Provence 2008: La Crau
The stony plains of La Crau, a scant half hour east of Arles, are on of France’s most unexpected landscapes, more like the flats of Spain or the steppes of eastern Europe than anything else.
The birdlife at the Peau de Meau preserve is also steppe-like, with regionally significant populations of birds that are rare or non-existent elsewhere in France. We missed the sandgrouse this time, and the only “good” falcon we encountered among the abundant Common Kestrels was a surprising male Merlin, its gray back good for a moment’s hope…. But we did have excellent looks at singing Greater Short-toed Larks, and Hoopoes and Turtle Doves lined our walk along the canal before we set off across the cobbles to the blind. A single male Little Bustard hopped up out of the grass at one point, but only his head and neck were visible by the time the others, having availed themselves of a rare shrub, caught up.

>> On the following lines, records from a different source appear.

lemma frob_iso_lin: "x \<in> carrier \<Gamma> \<Longrightarrow> lin T (restr_mod T \<Gamma> rho) (regmod T) (frob_iso x)"
proof (rule linI)
  assume x: "x \<in> carrier \<Gamma>"
  have xl: "lin S TM TM x" using x by (simp add: Gamma_carrier_iff)
  show "\<And>y. y \<in> mcar (restr_mod T \<Gamma> rho) \<Longrightarrow> frob_iso x y \<in> mcar (regmod T)"
    using frob_iso_apply_carrier[OF x] by simp
  show "\<And>y. y \<notin> mcar (restr_mod T \<Gamma> rho) \<Longrightarrow> frob_iso x y = undefined" by (simp add: frob_iso_def)
  fix y y' assume y: "y \<in> mcar (restr_mod T \<Gamma> rho)" and y': "y' \<in> mcar (restr_mod T \<Gamma> rho)"
  have yl: "lin S TM TM y" "lin S TM TM y'" using y y' by (simp_all add: Gamma_carrier_iff)
  show "frob_iso x (madd (restr_mod T \<Gamma> rho) y y') = madd (regmod T) (frob_iso x y) (frob_iso x y')"
    using y y' TMmod.ER.a_closed[of y y'] unfolding restr_mod_simps regmod_simps frob_iso_def W.endring_simps
    by (simp, intro restrict_ext)
       (simp add: Gamma_add_apply lin_add[OF xl] lin_closed[OF yl(1)] lin_closed[OF yl(2)] eps_add lin_closed[OF xl])
next
  fix a y assume a: "a \<in> carrier T" and y: "y \<in> mcar (restr_mod T \<Gamma> rho)"
  have yl: "lin S TM TM y" and al: "lin R W W a" using y a by (simp_all add: Gamma_carrier_iff T_carrier_iff)
  show "frob_iso x (msmul (restr_mod T \<Gamma> rho) a y) = msmul (regmod T) a (frob_iso x y)"
    using y TMmod.ER.m_closed[OF rho_carrier[OF a], of y]
    unfolding restr_mod_simps regmod_simps frob_iso_def W.endring_simps
    by (simp, intro restrict_ext) (simp add: Gamma_mult_apply rho_tensor al lin_closed[OF al])
qed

The blind itself is actually the room above the sheep pens in the barn, pleasantly warm if slightly aromatic; I was impressed to see the signs about closing doors and windows in Provençal. A Southern Gray Shrike perched on a post just out the window, giving us with the Woodchat Shrike we’d seen on the way in a two-laniid day, not a usual occurrence in western Europe! And a pair of Eurasian Thick-knees, or Stone-curlews as I learned to call them, alternated between shocking conspicuousness and absolute invisibility against the streaked and mottled background of the stones.
(They’re not actually in this photo, but they might as well be, beautifully camouflaged as they are!)
We returned to St-Martin for lunch, but stopped at the Ecomuseum first, where every birder new to France has to have his or her photo taken under the world’s largest hoopoe.